Bransen cut himself off and huffed out a deep breath, shaking his head dismally. He lowered himself into his seat, where he buried his face in his hands. He knew he shouldn’t be angry with them. He was just venting his frustration that he was faced with a problem that couldn’t be solved by a few equations on a blackboard—no math could explain how humans had become the unwitting middlemen in what appeared to be extraterrestrial politics.
“Look,” he said, emerging from his hands to stare them down. “I don’t think Carlos is here to help start a war between the United States and some creatures the Fobells met inside a Crystal Prism, any more than the Fobells are here to start the same war from the other side.”

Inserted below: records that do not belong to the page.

lemma jtheta_quartic_difference:
  assumes x: "Im x > 0" and y: "Im y > 0"
  shows "(jtheta3 x)^4 * (jtheta4 y)^4 - (jtheta4 x)^4 * (jtheta3 y)^4 = - 4
      * ((theta_char 0 0 (2 * x) * theta_char 0 0 (2 * y) + theta_char (1/2) 0 (2 * x) * theta_char (1/2) 0 (2 * y))
        * (theta_char 0 0 (2 * x) * theta_char 0 0 (2 * y) - theta_char (1/2) 0 (2 * x) * theta_char (1/2) 0 (2 * y))
        * (theta_char (1/2) 0 (2 * x) * theta_char 0 0 (2 * y) + theta_char 0 0 (2 * x) * theta_char (1/2) 0 (2 * y))
        * (theta_char 0 0 (2 * x) * theta_char (1/2) 0 (2 * y) - theta_char (1/2) 0 (2 * x) * theta_char 0 0 (2 * y)))"
  using jtheta_duplication(1,2)[OF x] jtheta_duplication(1,2)[OF y] by algebra

lemma prod_theta2_even_chars:
  assumes x: "Im x > 0" and y: "Im y > 0"
    and B: "B = (\<chi> i j. if i = j then (x + y) / 2 else (x - y) / 2)"
  shows "(\<Prod>(p, q)\<in>even_chars. theta2 p q B) =
    - ((jtheta3 x)^4 * (jtheta4 y)^4 - (jtheta4 x)^4 * (jtheta3 y)^4) / 4
    * (jtheta2 x * jtheta3 x * jtheta4 x)\<^sup>2 * (jtheta2 y * jtheta3 y * jtheta4 y)\<^sup>2"
  unfolding prod_theta2_even_chars_doubled[OF x y B] jtheta_quartic_difference[OF x y]
    jtheta_product_square_duplication[OF x] jtheta_product_square_duplication[OF y]
  by (simp add: power2_eq_square mult_ac)

lemma det_Im_mat_rotated_diagonal:
  "det (Im_mat (\<chi> i j. if i = j then (x + y) / 2 else (x - y) / 2)) = Im x * Im y"
  by (simp add: Im_mat_def det_2 power2_eq_square field_simps)

lemma cube_powr_two_thirds:
  fixes c :: real
  assumes "c \<ge> 0"
  shows "(c powr (2/3))^3 = c\<^sup>2"
proof (cases "c = 0")
  case False
  then have "(c powr (2/3))^3 = c powr 2"
    by (simp add: powr_power)
  then show ?thesis
    using assms by simp
qed simp

lemma ff_cube:
  assumes "Im s \<ge> 0"
  shows "(ff s)^3 = Im s * sqrt (Im s) * (cmod (jtheta2 s * jtheta3 s * jtheta4 s))\<^sup>2"
proof -
  have "(ff s)^3 = sqrt (Im s) ^ 3 * (cmod (jtheta2 s * jtheta3 s * jtheta4 s))\<^sup>2"
    by (simp add: ff_def power_mult_distrib cube_powr_two_thirds)
  also have "sqrt (Im s) ^ 3 = Im s * sqrt (Im s)"
    using assms by (simp add: power3_eq_cube)
  finally show ?thesis .
qed

lemma powr_five_halves:
  fixes c :: real
  assumes "c \<ge> 0"
  shows "c powr (5/2) = c\<^sup>2 * sqrt c"
proof -
  have "c powr (5/2) = c powr 2 * c powr (1/2)"
    by (simp flip: powr_add)
  then show ?thesis
    using assms by (simp add: powr_half_sqrt)
qed

theorem lemma5:
  fixes x y :: complex and B :: "complex^2^2"
  assumes "Im x > 0" and "Im y > 0"
    and "B = (\<chi> i j. if i = j then (x + y) / 2 else (x - y) / 2)"
  shows "FF B = 1/4 * (ff x)^3 * (ff y)^3 * Im x * Im y *
           cmod ((jtheta3 x)^4 * (jtheta4 y)^4 - (jtheta4 x)^4 * (jtheta3 y)^4)"
proof -
  have "(\<Prod>(p, q)\<in>even_chars. cmod (theta2 p q B)) = cmod (\<Prod>(p, q)\<in>even_chars. theta2 p q B)"
    by (simp add: case_prod_unfold flip: prod_norm)
  also have "\<dots> = cmod ((jtheta3 x)^4 * (jtheta4 y)^4 - (jtheta4 x)^4 * (jtheta3 y)^4) / 4
      * (cmod (jtheta2 x * jtheta3 x * jtheta4 x))\<^sup>2 * (cmod (jtheta2 y * jtheta3 y * jtheta4 y))\<^sup>2"
    by (simp only: prod_theta2_even_chars[OF assms] norm_mult norm_divide norm_power norm_minus_cancel)
      simp
  finally have norm_prod: "(\<Prod>(p, q)\<in>even_chars. cmod (theta2 p q B)) = \<dots>" .
  show ?thesis
    unfolding FF_def norm_prod unfolding assms(3) det_Im_mat_rotated_diagonal
    using assms(1,2)
    by (simp add: powr_five_halves ff_cube real_sqrt_mult power2_eq_square mult_ac)
qed

end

“That’s not what we meant,” Mouse mumbled.
“Then what did you mean by, ‘John thinks Carlos is a double agent trying to start a war with the Golgantry’?” Bransen wondered with a tinge of sarcasm. “If anyone suspects anything up there is trying to harm us down here, then we have that line of communication wide open to the people who can save us: The military. What I want is for us to focus on the science.”
“Well, it’s just… science is…” Mouse began nervously, but quickly felt out of his depth and closed his mouth.
“It’s just that you brought Hiram McKenzie into this,” Luci said for them both. “And he’s not a scientist.”
“Hiram McKenzie may not crunch numbers and use a Bunsen burner, but he’s just as research-minded as any of us,” Bransen countered.
“Did you know the kids were astral projecting?” Luci accused pointedly. “Did you know they were talking to… to… aliens?”
Bransen sighed heavily and met her gaze.
“I suspected something,” he admitted. “But I do not think their souls are leaving their bodies. Remote viewing is proven science, but this astral projection crap—?”
“How can you say that?” Mouse cut in angrily. “You just said Hiram was as much a scientist as the rest of us! And after what we’ve discovered? After what I saw? Maybe… Maybe this is where science and religion fuse, Bransen!”
“We’re not here to start a new religion or wage some presumed battle against good and evil!” Bransen declared frustratedly. “If General Rauchbach and his goons want to waste their time tilting at Martian windmills, so be it. We are here to collect data and make contact. It’s that simple.”
“But this is contact,” Luci argued, sitting forward. She raised her hand as if to take his, then slowly lowered it again. “The dreams, the ship… What form did you think contact would take, Bransen? Did you think we’d be ushered into some conference room on Mars to go over pie charts and medical diagrams? What we’re dealing with is another world that uses mechanics that we can barely even comprehend, let alone understand.”
She stopped and gazed out the picture window at Lorna, who was pacing around Circadia X, taking notes and making sketches. When Bransen didn’t reply, Mouse took up the cause.
“If you want to be scientific about this, then you need to acknowledge that Hiram McKenzie and Howard Fobell have been writing about the same beings—using the same names—for over a decade, and that they’re each apparently telling the same story. Look, I want to get back up there more than any of you, but maybe we should figure out who we’re making contact with and what their motives are before we—”
Bransen stood up without a word, or even a glare, and quietly left the room. Luci and Mouse shared a sympathetic glance, and it was Luci who finally smiled and said, “I don’t think we’ll be fired—don’t worry.”
Mouse squeezed her hand and tried to chuckle.
In the morning, each member of the team found a copy of Hiram McKenzie’s Unknown North outside the doors of their rooms, along with a copy of Howard Fobell’s Alchemy of Light: The Science of Faith and Circumstance.
The unwritten homework assignment was obvious to them all.